# unique_consecutive¶

paddle. unique_consecutive ( x, return_inverse=False, return_counts=False, axis=None, dtype='int64', name=None ) [source]

Eliminates all but the first element from every consecutive group of equivalent elements.

Note

This function is different from unique in the sense that this function only eliminates consecutive duplicate values. This semantics is similar to unique in C++.

Parameters
• x (Tensor) – the input tensor, it’s data type should be float32, float64, int32, int64.

• return_inverse (bool, optional) – If True, also return the indices for where elements in the original input ended up in the returned unique consecutive tensor.
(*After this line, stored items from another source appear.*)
(* Let $d\in\mathbb{N}$, $a<b$, $\alpha\in[0,1]$, $\rho=\mathrm{diag}(\rho_1,\dots,\rho_d)\in\mathbb{R}^{d\times d}$, and let $L:\mathbb{R}^d\times\mathbb{R}^d\to\mathbb{R}$, $(z,\dot z)\mapsto L(z,\dot z)$, be a $C^2$ function that is even in its second variable, i.e. $L(z,-\dot z)=L(z,\dot z)$. Consider the equations $$\text{(a)}\quad \frac{d}{dt}\Big(\frac{\partial L}{\partial\dot x}(x,\dot x)\Big)-\frac{\partial L}{\partial x}(x,\dot x)+\rho\,D^\alpha_-D^\alpha_-x=0,$$ $$\text{(b)}\quad \frac{d}{dt}\Big(\frac{\partial L}{\partial\dot y}(y,\dot y)\Big)-\frac{\partial L}{\partial y}(y,\dot y)+\rho\,D^\alpha_+D^\alpha_+y=0,$$ for smooth curves $x,y:[a,b]\to\mathbb{R}^d$. If $x$ is a smooth curve and $y(t):=x(a+b-t)$ (so that $y(a)=x(b)$, $y(b)=x(a)$), then equation (b) for $y$ is equation (a) for $x$ in reversed time $\tilde t=a+b-t$: for every $t\in[a,b]$ the left-hand side of (b) evaluated along $y$ at time $t$ equals the left-hand side of (a) evaluated along $x$ at time $\tilde t=a+b-t$. In particular $y$ solves (b) on $[a,b]$ if and only if $x$ solves (a) on $[a,b]$.
   Context: For $f:[a,b]\to\mathbb{R}$ (componentwise for vector-valued functions), $D^\alpha_-f(t)=\frac{1}{\Gamma(1-\alpha)}\frac{d}{dt}\int_a^t(t-\tau)^{-\alpha}f(\tau)\,d\tau$ and $D^\alpha_+f(t)=-\frac{1}{\Gamma(1-\alpha)}\frac{d}{dt}\int_t^b(\tau-t)^{-\alpha}f(\tau)\,d\tau$ (Riemann–Liouville fractional derivatives); $D^\alpha_\pm D^\alpha_\pm$ denotes the composition. These equations are the restricted fractional Euler–Lagrange equations for the Lagrangian $L(x,\dot x)+L(y,\dot y)-D^\alpha_-x\,\rho\,D^\alpha_+y$. *)

theory Defs
  imports "HOL-Analysis.Analysis"
begin

definition C2_fun :: "('a::euclidean_space \<Rightarrow> real) \<Rightarrow> bool" where
  "C2_fun f \<longleftrightarrow> (\<exists>(f' :: 'a \<Rightarrow> ('a \<Rightarrow>\<^sub>L real)) (f'' :: 'a \<Rightarrow> ('a \<Rightarrow>\<^sub>L ('a \<Rightarrow>\<^sub>L real))).
      (\<forall>p. (f has_derivative blinfun_apply (f' p)) (at p)) \<and>
      (\<forall>p. (f' has_derivative blinfun_apply (f'' p)) (at p)) \<and>
      continuous_on UNIV f'')"

definition smooth_curve_on :: "real set \<Rightarrow> (real \<Rightarrow> 'a::real_normed_vector) \<Rightarrow> bool" where
  "smooth_curve_on S x \<longleftrightarrow> (\<exists>D. D 0 = x \<and>
      (\<forall>k. \<forall>t\<in>S. (D k has_vector_derivative D (Suc k) t) (at t within S)))"

definition ddt :: "real set \<Rightarrow> (real \<Rightarrow> 'a::real_normed_vector) \<Rightarrow> real \<Rightarrow> 'a" where
  "ddt S f t = (if f differentiable (at t within S) then vector_derivative f (at t within S) else 0)"

definition partial_z :: "(real^'d \<Rightarrow> real^'d \<Rightarrow> real) \<Rightarrow> real^'d \<Rightarrow> real^'d \<Rightarrow> real^'d" where
  "partial_z L z v = (\<chi> i. deriv (\<lambda>s. L (z + s *\<^sub>R axis i 1) v) 0)"

definition partial_v :: "(real^'d \<Rightarrow> real^'d \<Rightarrow> real) \<Rightarrow> real^'d \<Rightarrow> real^'d \<Rightarrow> real^'d" where
  "partial_v L z v = (\<chi> i. deriv (\<lambda>s. L z (v + s *\<^sub>R axis i 1)) 0)"

definition RL_left :: "real \<Rightarrow> real \<Rightarrow> real \<Rightarrow> (real \<Rightarrow> real) \<Rightarrow> real \<Rightarrow> real" where
  "RL_left a b \<alpha> f t = 1 / Gamma (1 - \<alpha>) *
     ddt {a..b} (\<lambda>s. integral {a..s} (\<lambda>\<tau>. (s - \<tau>) powr (-\<alpha>) * f \<tau>)) t"

definition RL_right :: "real \<Rightarrow> real \<Rightarrow> real \<Rightarrow> (real \<Rightarrow> real) \<Rightarrow> real \<Rightarrow> real" where
  "RL_right a b \<alpha> f t = - (1 / Gamma (1 - \<alpha>)) *
     ddt {a..b} (\<lambda>s. integral {s..b} (\<lambda>\<tau>. (\<tau> - s) powr (-\<alpha>) * f \<tau>)) t"

definition RLv_left :: "real \<Rightarrow> real \<Rightarrow> real \<Rightarrow> (real \<Rightarrow> real^'d) \<Rightarrow> real \<Rightarrow> real^'d" where
  "RLv_left a b \<alpha> x t = (\<chi> i. RL_left a b \<alpha> (\<lambda>s. x s $ i) t)"

definition RLv_right :: "real \<Rightarrow> real \<Rightarrow> real \<Rightarrow> (real \<Rightarrow> real^'d) \<Rightarrow> real \<Rightarrow> real^'d" where
  "RLv_right a b \<alpha> x t = (\<chi> i. RL_right a b \<alpha> (\<lambda>s. x s $ i) t)"

definition EL_a :: "(real^'d \<Rightarrow> real^'d \<Rightarrow> real) \<Rightarrow> real^'d^'d \<Rightarrow> real \<Rightarrow> real \<Rightarrow> real
     \<Rightarrow> (real \<Rightarrow> real^'d) \<Rightarrow> real \<Rightarrow> real^'d" where
  "EL_a L \<rho> \<alpha> a b x t =
     ddt {a..b} (\<lambda>s. partial_v L (x s) (ddt {a..b} x s)) t
     - partial_z L (x t) (ddt {a..b} x t)
     + \<rho> *v RLv_left a b \<alpha> (RLv_left a b \<alpha> x) t"

definition EL_b :: "(real^'d \<Rightarrow> real^'d \<Rightarrow> real) \<Rightarrow> real^'d^'d \<Rightarrow> real \<Rightarrow> real \<Rightarrow> real
     \<Rightarrow> (real \<Rightarrow> real^'d) \<Rightarrow> real \<Rightarrow> real^'d" where
  "EL_b L \<rho> \<alpha> a b y t =
     ddt {a..b} (\<lambda>s. partial_v L (y s) (ddt {a..b} y s)) t
     - partial_z L (y t) (ddt {a..b} y t)
     + \<rho> *v RLv_right a b \<alpha> (RLv_right a b \<alpha> y) t"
Default is False.

• return_counts (bool, optional) – If True, also return the counts for each unique consecutive element. Default is False.

• axis (int, optional) – The axis to apply unique consecutive. If None, the input will be flattened. Default is None.

• dtype (np.dtype|str, optional) – The data type inverse tensor: int32 or int64. Default: int64.

• name (str, optional) – Name for the operation. For more information, please refer to Name. Default is None.

Returns

• out (Tensor), the unique consecutive tensor for x.

• inverse (Tensor), the element of the input tensor corresponds to

the index of the elements in the unique consecutive tensor for x. inverse is provided only if return_inverse is True.

• counts (Tensor), the counts of the every unique consecutive element in the input tensor.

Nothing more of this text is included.